7

I have a large object that is read from a binary file using struct.unpack and some of the values are character arrays which are read as bytes.

Since the character arrays in Python 3 are read as bytes instead of string (like in Python 2) they cannot be directly passed to json.dumps since "bytes" are not JSON serializable.
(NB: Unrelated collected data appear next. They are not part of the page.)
(* Let $G$ be a graph with a correspondence-cover $(L,H)$, and let $T$ be an induced subgraph of $G$ such that: (i) every vertex of $T$ has at most one neighbor outside $T$; (ii) $2\leq |L(u)|\leq |L(v)|$ for every $u\in V(T)$ that has a (unique) neighbor $v$ outside $T$; (iii) the restriction of $(L,H)$ to $G\setminus T$ has a fractional packing; (iv) every correspondence-cover $(L_T,H_T)$ of $T$ with $|L_T(u)|=|L(u)|$ for each $u\in V(T)$ having no neighbor outside $T$, and $|L_T(u)|=|L(u)|-1$ for each $u\in V(T)$ having a neighbor outside $T$, has a fractional packing. Then $(L,H)$ has a fractional packing.
   Context: All graphs are finite and simple. $G\setminus T$ is the subgraph induced by the vertices not in $T$. A correspondence-cover of a graph $G$ is a pair $(L,H)$ where $H$ is a graph and $L$ maps each $v\in V(G)$ to a subset $L(v)\subseteq V(H)$ such that: the sets $L(v)$ partition $V(H)$; each $L(v)$ induces a clique in $H$; if $uv\notin E(G)$ there are no edges of $H$ between $L(u)$ and $L(v)$; if $uv\in E(G)$ the edges of $H$ between $L(u)$ and $L(v)$ form a matching. The restriction of $(L,H)$ to an induced subgraph $G_0$ is the cover $(L_0,H_0)$ of $G_0$ with $L_0(v)=L(v)$ for $v\in V(G_0)$ and $H_0=H-\bigcup_{u\notin V(G_0)}L(u)$. An independent transversal of a cover is an independent set of the cover graph containing exactly one vertex of each list. A cover has a fractional packing if there is a probability distribution on its independent transversals $I$ such that $\Pr(x\in I)=1/|L(v)|$ for every vertex $v$ and every $x\in L(v)$ (lists need not have equal sizes). *)

theory Defs
  imports "HOL-Probability.Probability"
begin
(* Let $n$ and $0<n_1<\cdots<n_d<n$ be integers with $m_1=n_1$, $m_k=n_k-n_{k-1}$ ($2\le k\le d$), $m_{d+1}=n-n_d$, and regard $\mathrm{Flag}(n_1,\dots,n_d;n)=\{(VJ_1V^{\mathsf T},\dots,VJ_dV^{\mathsf T}):V\in\mathrm{O}(n)\}$ as a submanifold of $(\mathbb{R}^{n\times n})^d$ with the Frobenius inner product. Let $V(t)$ be a differentiable curve in $\mathrm{O}(n)$ with $\Lambda(t)=V(t)^{\mathsf T}\dot V(t)$ satisfying $\Lambda(k,k)\equiv0$ ($k=1,\dots,d+1$), $c(t)=V(t)(J_1,\dots,J_d)V(t)^{\mathsf T}$, and let $X(t)\in\mathfrak{so}(n)$ be differentiable with $X(k,k)\equiv0$ ($k=1,\dots,d+1$). Let \[ T_2(t)=V(t)\big(\Lambda XJ_1+J_1X\Lambda,\dots,\Lambda XJ_d+J_dX\Lambda\big)V(t)^{\mathsf T}. \] Then the orthogonal projection of $T_2(t)$ onto $\mathbb{T}_{c(t)}\mathrm{Flag}(n_1,\dots,n_d;n)$ equals $V(t)(W_1(t),\dots,W_d(t))V(t)^{\mathsf T}$, where $W_1,\dots,W_d$ are symmetric with blocks \[ W_k(p,q)=\begin{cases}\sum_{s=1}^{d+1}X(k,s)\Lambda(s,q)-\sum_{s=1}^{d+1}\Lambda(s,k)^{\mathsf T}X(q,s)^{\mathsf T}, & p=k,\ q\neq k,\\[2pt] \sum_{s=1}^{d+1}\Lambda(s,p)^{\mathsf T}X(k,s)^{\mathsf T}-\sum_{s=1}^{d+1}X(p,s)\Lambda(s,k), & q=k,\ p\neq k,\\[2pt] 0, & \text{otherwise}.\end{cases} \]
   Context: $J_k=\operatorname{diag}(-I_{m_1},\dots,-I_{m_{k-1}},I_{m_k},-I_{m_{k+1}},\dots,-I_{m_{d+1}})$. $V(X_1,\dots,X_d)V^{\mathsf T}$ denotes $(VX_1V^{\mathsf T},\dots,VX_dV^{\mathsf T})$. For an $n\times n$ matrix $M$, $M(p,q)$ denotes its $(p,q)$ block in the partition $n=m_1+\cdots+m_{d+1}$. *)

theory Defs
  imports "HOL-Analysis.Analysis"
begin

text \<open>Matrices are n x n real matrices indexed by a finite linearly ordered type 'n,
  n = CARD('n).
  The partition n = m_1 + ... + m_{d+1} is given by 0 < ns 1 < ... < ns d < n.
  Block numbers run over {1..d+1}. Tuples in (R^{n x n})^d are functions
  nat => matrix, with components 1..d and value 0 elsewhere.\<close>

definition pos :: "('n::{finite,linorder}) \<Rightarrow> nat" where
  "pos i = card {j. j < i}"

definition blk :: "nat \<Rightarrow> (nat \<Rightarrow> nat) \<Rightarrow> ('n::{finite,linorder}) \<Rightarrow> nat" where
  "blk d ns i = card {k \<in> {1..d}. ns k \<le> pos i} + 1"

definition blockpart :: "nat \<Rightarrow> (nat \<Rightarrow> nat) \<Rightarrow> real^('n::{finite,linorder})^('n::{finite,linorder}) \<Rightarrow> nat \<Rightarrow> nat \<Rightarrow> real^('n::{finite,linorder})^('n::{finite,linorder})" where
  "blockpart d ns M p q = (\<chi> i j. if blk d ns i = p \<and> blk d ns j = q then M $ i $ j else 0)"

definition Jmat :: "nat \<Rightarrow> (nat \<Rightarrow> nat) \<Rightarrow> nat \<Rightarrow> real^('n::{finite,linorder})^'n::{finite,linorder}" where
  "Jmat d ns k = (\<chi> i j. if i = j then (if blk d ns i = k then 1 else -1) else 0)"

definition flag :: "nat \<Rightarrow> (nat \<Rightarrow> nat) \<Rightarrow> (nat \<Rightarrow> real^('n::{finite,linorder})^'n::{finite,linorder}) set" where
  "flag d ns = {c. \<exists>V. orthogonal_matrix V \<and>
      c = (\<lambda>k. if k \<in> {1..d} then V ** Jmat d ns k ** transpose V else 0)}"

definition tangent_space :: "(nat \<Rightarrow> real^('n::{finite,linorder})^('n::{finite,linorder})) set \<Rightarrow> (nat \<Rightarrow> real^('n::{finite,linorder})^('n::{finite,linorder})) \<Rightarrow> (nat \<Rightarrow> real^('n::{finite,linorder})^('n::{finite,linorder})) set" where
  "tangent_space S c = {T. \<exists>\<gamma>::real \<Rightarrow> nat \<Rightarrow> real^('n::{finite,linorder})^('n::{finite,linorder}). (\<forall>t. \<gamma> t \<in> S) \<and> \<gamma> 0 = c \<and>
      (\<forall>k. ((\<lambda>t. \<gamma> t k) has_vector_derivative T k) (at 0))}"

definition tinner :: "nat \<Rightarrow> (nat \<Rightarrow> real^('n::{finite,linorder})^('n::{finite,linorder})) \<Rightarrow> (nat \<Rightarrow> real^('n::{finite,linorder})^('n::{finite,linorder})) \<Rightarrow> real" where
  "tinner d A B = (\<Sum>k\<in>{1..d}. inner (A k) (B k))"

definition orth_proj :: "nat \<Rightarrow> (nat \<Rightarrow> real^('n::{finite,linorder})^('n::{finite,linorder})) set \<Rightarrow> (nat \<Rightarrow> real^('n::{finite,linorder})^('n::{finite,linorder})) \<Rightarrow> (nat \<Rightarrow> real^('n::{finite,linorder})^('n::{finite,linorder}))" where
  "orth_proj d S x = (THE p. p \<in> S \<and> (\<forall>s\<in>S. tinner d (\<lambda>k. x k - p k) s = 0))"

definition Wmat :: "nat \<Rightarrow> (nat \<Rightarrow> nat) \<Rightarrow> real^('n::{finite,linorder})^('n::{finite,linorder}) \<Rightarrow> real^('n::{finite,linorder})^('n::{finite,linorder}) \<Rightarrow> nat \<Rightarrow> real^('n::{finite,linorder})^('n::{finite,linorder})" where
  "Wmat d ns X L k =
     (\<Sum>q\<in>{1..d+1}-{k}. \<Sum>s\<in>{1..d+1}.
        blockpart d ns X k s ** blockpart d ns L s q
        - transpose (blockpart d ns L s k) ** transpose (blockpart d ns X q s))
   + (\<Sum>p\<in>{1..d+1}-{k}. \<Sum>s\<in>{1..d+1}.
        transpose (blockpart d ns L s p) ** transpose (blockpart d ns X k s)
        - blockpart d ns X p s ** blockpart d ns L s k)"

end

theory Submission
  imports Defs
begin

(* Write J for J_k and c = V (J_1, ..., J_d) V^T.  Since c_k c_k = I on the whole flag manifold,
   differentiating shows that every tangent vector at c anticommutes with c_k; conversely, for
   skew Omega the Cayley curve R(s) through I with velocity Omega gives the tangent vector
   V (Omega J_k - J_k Omega) V^T.  For a symmetric involution C, matrices commuting with C are
   Frobenius-orthogonal to matrices anticommuting with C.  Now split
     Lambda X J + J X Lambda = 1/2 (J S + S J) + (Omega J - J Omega),
   S = Lambda X + X Lambda, Omega = 1/2 (Lambda X - X Lambda):
   the first summand commutes with J, so after conjugation by V it is normal to the flag, and the
   second is tangent.  Hence the projection is V (Omega J_k - J_k Omega) V^T, and for skew X and
   Lambda this commutator has exactly the blocks W_k(p,q) of the statement. *)

section \<open>Matrix calculus\<close>

lemma matrix_add_rdistrib: "((A::real^'n^'m) + B) ** (C::real^'k^'n) = A ** C + B ** C"
  by (vector matrix_matrix_mult_def sum.distrib[symmetric] field_simps)

lemma matrix_diff_ldistrib: "(A::real^'n^'m) ** ((B::real^'k^'n) - C) = A ** B - A ** C"
  by (vector matrix_matrix_mult_def sum_subtractf[symmetric] field_simps)

lemma matrix_diff_rdistrib: "((A::real^'n^'m) - B) ** (C::real^'k^'n) = A ** C - B ** C"
  by (vector matrix_matrix_mult_def sum_subtractf[symmetric] field_simps)

lemma matrix_uminus_mult: "(- (A::real^'n^'m)) ** (B::real^'k^'n) = - (A ** B)"
  by (vector matrix_matrix_mult_def sum_negf[symmetric])

lemma matrix_mult_uminus: "(A::real^'n^'m) ** (- (B::real^'k^'n)) = - (A ** B)"
  by (vector matrix_matrix_mult_def sum_negf[symmetric])

lemma transpose_add: "transpose ((A::real^'n^'m) + B) = transpose A + transpose B"
  by (vector transpose_def)

lemma transpose_diff: "transpose ((A::real^'n^'m) - B) = transpose A - transpose B"
  by (vector transpose_def)

lemma transpose_uminus: "transpose (- (A::real^'n^'m)) = - transpose A"
  by (vector transpose_def)

lemmas matrix_ring_simps = matrix_add_ldistrib matrix_add_rdistrib matrix_diff_ldistrib
  matrix_diff_rdistrib matrix_uminus_mult matrix_mult_uminus matrix_mul_assoc
  transpose_add transpose_diff transpose_uminus matrix_transpose_mul transpose_scalar
  scalar_matrix_assoc[symmetric] matrix_scalar_ac

lemma bounded_bilinear_matrix_mult: "bounded_bilinear (\<lambda>(A::real^'n^'m) (B::real^'k^'n). A ** B)"
  unfolding bilinear_conv_bounded_bilinear[symmetric] bilinear_def
  by (auto intro!: linearI simp: matrix_add_ldistrib matrix_add_rdistrib matrix_scalar_ac scalar_matrix_assoc)

lemma bounded_linear_transpose: "bounded_linear (transpose :: real^'n^'m \<Rightarrow> real^'m^'n)"
  unfolding linear_conv_bounded_linear[symmetric]
  by (auto intro!: linearI simp: transpose_add transpose_scalar)

lemma has_vector_derivative_congruence:
  fixes U :: "real \<Rightarrow> real^'n^'m" and M :: "real^'n^'n"
  assumes "(U has_vector_derivative U') (at x)"
  shows "((\<lambda>s. U s ** M ** transpose (U s)) has_vector_derivative
           U x ** M ** transpose U' + U' ** M ** transpose (U x)) (at x)"
proof -
  have "((\<lambda>s. U s ** M) has_vector_derivative U' ** M) (at x)"
    using bounded_bilinear.has_vector_derivative[OF bounded_bilinear_matrix_mult assms
        has_vector_derivative_const] by simp
  moreover have "((\<lambda>s. transpose (U s)) has_vector_derivative transpose U') (at x)"
    by (rule bounded_linear.has_vector_derivative[OF bounded_linear_transpose assms])
  ultimately show ?thesis
    by (rule bounded_bilinear.has_vector_derivative[OF bounded_bilinear_matrix_mult])
qed

lemma has_vector_derivative_at_if_quotient_tendsto:
  fixes f g :: "real \<Rightarrow> 'a::real_normed_vector"
  assumes quotient: "\<And>y. f y - f x = (y - x) *\<^sub>R g y" and lim: "(g \<longlongrightarrow> D) (at x)"
  shows "(f has_vector_derivative D) (at x)"
  unfolding has_vector_derivative_def has_derivative_iff_norm
proof (intro conjI bounded_linear_scaleR_left)
  have "((\<lambda>y. norm (g y - D)) \<longlongrightarrow> 0) (at x)"
    using lim by (simp add: tendsto_norm_zero LIM_zero)
  moreover have "\<forall>\<^sub>F y in at x. norm (g y - D) = norm (f y - f x - (y - x) *\<^sub>R D) / norm (y - x)"
    using eventually_neq_at_within[of x x UNIV]
    by eventually_elim (simp add: quotient scaleR_right_diff_distrib[symmetric])
  ultimately show "((\<lambda>y. norm (f y - f x - (y - x) *\<^sub>R D) / norm (y - x)) \<longlongrightarrow> 0) (at x)"
    by (rule Lim_transform_eventually)
qed

lemma inner_matrix: "inner (A::real^'n^'m) B = (\<Sum>i\<in>UNIV. \<Sum>j\<in>UNIV. A$i$j * B$i$j)"
  by (simp add: inner_vec_def)

lemma inner_transpose: "inner (transpose (A::real^'n^'m)) (transpose B) = inner A B"
  unfolding inner_matrix transpose_def by (simp, rule sum.swap)

lemma inner_matrix_mult_right: "inner ((A::real^'n^'m) ** (B::real^'k^'n)) C = inner A (C ** transpose B)"
  unfolding inner_matrix matrix_matrix_mult_def transpose_def
  by (simp add: sum_distrib_left sum_distrib_right mult_ac, rule sum.cong[OF refl], rule sum.swap)
section \<open>The derivative of N\<close>

definition Nmap_deriv ::
    "real \<Rightarrow> nat \<Rightarrow> real^('n::{finite,linorder}) \<Rightarrow> real^('n::{finite,linorder}) \<Rightarrow> real^('n::{finite,linorder})"
  where
  "Nmap_deriv a0 l x h = (\<chi> i. a0 * real l * (real (l-1) * (x$i)^(l-2) * h$i)
                     + 2 * (\<Sum>j\<in>UNIV-{i}. (h$i - h$j) / (x$i - x$j)^2))"

lemma has_derivative_vec_nth [derivative_intros]: "((\<lambda>y. y $ i) has_derivative (\<lambda>h. h $ i)) F"
  by (rule bounded_linear_imp_has_derivative) (rule bounded_linear_vec_nth)

lemma has_derivative_vecI:
  fixes f :: "'a::real_normed_vector \<Rightarrow> real^'n"
  assumes "\<And>i. ((\<lambda>x. f x $ i) has_derivative (\<lambda>h. f' h $ i)) (at a)"
  shows "(f has_derivative f') (at a)"
  using assms has_derivative_componentwise_within[of f f' a UNIV]
  by (auto simp: Basis_vec_def inner_axis)

lemma Nmap_has_derivative:
  fixes x :: "real^'n::{finite,linorder}"
  assumes x: "x \<in> ordered_cone" and "l > 0"
  shows "(Nmap a0 l has_derivative Nmap_deriv a0 l x) (at x)"
proof (rule has_derivative_vecI)
  fix i :: 'n
  have interaction: "((\<lambda>y. 1 / (y$i - y$j)) has_derivative (\<lambda>h. - ((h$i - h$j) / (x$i - x$j)^2))) (at x)"
    if "j \<in> UNIV - {i}" for j
    using ordered_cone_nth_neq[OF x, of i j] that
    by (auto intro!: derivative_eq_intros simp: power2_eq_square field_simps fun_eq_iff minus_divide_left)
  have power: "((\<lambda>y. (y$i)^(l-1)) has_derivative (\<lambda>h. real (l-1) * (x$i)^(l-2) * h$i)) (at x)"
    using \<open>l > 0\<close> by (auto intro!: derivative_eq_intros simp: diff_diff_add numeral_2_eq_2)
  have "((\<lambda>y. a0 * real l * (y$i)^(l-1) - 2 * (\<Sum>j\<in>UNIV-{i}. 1 / (y$i - y$j))) has_derivative
      (\<lambda>h. a0 * real l * (real (l-1) * (x$i)^(l-2) * h$i)
         - 2 * (\<Sum>j\<in>UNIV-{i}. - ((h$i - h$j) / (x$i - x$j)^2)))) (at x)"
    by (intro has_derivative_diff has_derivative_mult_right has_derivative_sum power interaction)
  then show "((\<lambda>y. Nmap a0 l y $ i) has_derivative (\<lambda>h. Nmap_deriv a0 l x h $ i)) (at x)"
    by (simp add: Nmap_nth Nmap_deriv_def sum_negf)
qed

lemma bounded_linear_Nmap_deriv:
  "x \<in> ordered_cone \<Longrightarrow> l > 0 \<Longrightarrow> bounded_linear (Nmap_deriv a0 l x)"
  using Nmap_has_derivative has_derivative_bounded_linear by blast

lemma continuous_on_Nmap_deriv:
  assumes "l > 0"
  shows "continuous_on ordered_cone (\<lambda>x. Blinfun (Nmap_deriv a0 l x))"
proof (rule continuous_on_blinfun_componentwise)
  fix e
  have "continuous_on ordered_cone (\<lambda>x. Nmap_deriv a0 l x e)"
    unfolding Nmap_deriv_def by (intro continuous_intros) (auto dest: ordered_cone_nth_neq)
  then show "continuous_on ordered_cone (\<lambda>x. blinfun_apply (Blinfun (Nmap_deriv a0 l x)) e)"
    by (rule continuous_on_eq) (simp add: bounded_linear_Blinfun_apply[OF bounded_linear_Nmap_deriv] assms)
qed

lemma Nmap_deriv_psd:
  fixes x :: "real^'n::{finite,linorder}"
  assumes x: "x \<in> ordered_cone" and "a0 > 0" "even l"
  shows "0 \<le> h \<bullet> Nmap_deriv a0 l x h"
proof -
  define P where "P i = a0 * real l * (real (l-1) * (x$i)^(l-2) * (h$i * h$i))" for i
  define g where "g i j = h$i * (h$i - h$j) / (x$i - x$j)^2" for i j
  have "h$i * Nmap_deriv a0 l x h $ i = P i + 2 * (\<Sum>j\<in>UNIV-{i}. g i j)" for i
    unfolding Nmap_deriv_def P_def g_def by (simp add: distrib_left sum_distrib_left mult_ac)
  then have inner: "h \<bullet> Nmap_deriv a0 l x h = (\<Sum>i\<in>UNIV. P i) + 2 * (\<Sum>i\<in>UNIV. \<Sum>j\<in>UNIV-{i}. g i j)"
    by (simp add: inner_vec_def sum.distrib sum_distrib_left)
  have "0 \<le> P i" for i
    using assms(2,3) by (simp add: P_def zero_le_even_power)
  moreover have "g i j + g j i = (h$i - h$j)^2 / (x$i - x$j)^2" for i j
    by (simp add: g_def power2_commute[of "x$j"] add_divide_distrib[symmetric] power2_eq_square algebra_simps)
  then have "0 \<le> 2 * (\<Sum>i\<in>UNIV. \<Sum>j\<in>UNIV-{i}. g i j)"
    unfolding sum_offdiag_symmetrize[OF finite_class.finite_UNIV] by (intro sum_nonneg) simp
  ultimately show ?thesis unfolding inner by (simp add: sum_nonneg)
qed

theorem mainTheorem5:
  fixes a0 :: real and l :: nat
  assumes "a0 > 0" and "even l" and "l > 0"
  shows "\<exists>ystar\<in>(ordered_cone :: (real^('n::{finite,linorder})) set).
           Nmap a0 l ystar = 0 \<and>
           (\<forall>z\<in>ordered_cone. Nmap a0 l z = 0 \<longrightarrow> z = ystar) \<and>
           (\<forall>U. bounded U \<and> open U \<and> ystar \<in> U \<and> closure U \<subseteq> ordered_cone \<longrightarrow>
                has_brouwer_degree (Nmap a0 l) U 0 1)"
proof -
  let ?C = "ordered_cone :: (real,'n) vec set"
  define g where "g = inv_into ?C (Nmap a0 l)"
  have surj: "Nmap a0 l ` ?C = UNIV" by (rule Nmap_image_eq_UNIV[OF assms])
  then have g_in: "g q \<in> ?C" and N_g: "Nmap a0 l (g q) = q" for q
    unfolding g_def by (simp_all add: inv_into_into f_inv_into_f)
  have g_N: "g (Nmap a0 l x) = x" if "x \<in> ?C" for x
    unfolding g_def by (rule inv_into_f_f[OF inj_on_Nmap[OF assms] that])
  have "continuous_on UNIV g"
    using continuous_on_inverse_open[OF open_ordered_cone continuous_on_Nmap _ g_N] surj by simp
  moreover have "(Nmap a0 l has_derivative blinfun_apply (Blinfun (Nmap_deriv a0 l x))) (at x)"
    and "0 \<le> h \<bullet> blinfun_apply (Blinfun (Nmap_deriv a0 l x)) h" if "x \<in> ?C" for x h
    using Nmap_has_derivative[OF that] Nmap_deriv_psd[OF that] assms
    by (simp_all add: bounded_linear_Blinfun_apply[OF bounded_linear_Nmap_deriv[OF that]])
  ultimately have "has_brouwer_degree (Nmap a0 l) U 0 1"
    if "bounded U \<and> open U \<and> g 0 \<in> U \<and> closure U \<subseteq> ?C" for U
    using that has_brouwer_degree_homeomorphism_psd[OF open_ordered_cone _ g_in N_g g_N
        continuous_on_Nmap_deriv[OF assms(3)]] by blast
  then show ?thesis
    using g_in N_g g_N by (metis (no_types, lifting))
qed

end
Is there any way to go from unpacked struct to json without searching through each value and converting the bytes to strings?

rovyko
  • 4,068
  • 5
  • 32
  • 44
  • So how would the binary data be represented in JSON? This is not so much a Python problem as a representation issue. Should the binary data be converted to base64? Be decoded as Latin-1? You still have to move towards a valid data structure that can be represented. – Martijn Pieters Nov 27 '17 at 12:51
  • I should have mentioned that I needed to write the JSON file as UTF-8. – rovyko Mar 12 '18 at 21:33
  • That doesn't make it any clearer. From the answer below I gather that you have bytes that *contain UTF-8 encoded text*. That's very different from a bytes object that contains, say, the data for a PNG image. – Martijn Pieters Mar 13 '18 at 07:58
  • Had you included some examples of the kind of data, it would have been a lot clearer what you were trying to do. It is the code in the accepted answer that made it clear here, not the text in your question. – Martijn Pieters Mar 13 '18 at 07:59

1 Answers1

9

You can use a custom encoder in this case. See below

import json

x = {}
x['bytes'] = [b"i am bytes", "test"]
x['string'] = "strings"
x['unicode'] = u"unicode string"


class MyEncoder(json.JSONEncoder):
    def default(self, o):
        if type(o) is bytes:
            return o.decode("utf-8")
        return super(MyEncoder, self).default(o)


print(json.dumps(x, cls=MyEncoder))
# {"bytes": ["i am bytes", "test"], "string": "strings", "unicode": "unicode string"}
Tarun Lalwani
  • 142,312
  • 9
  • 204
  • 265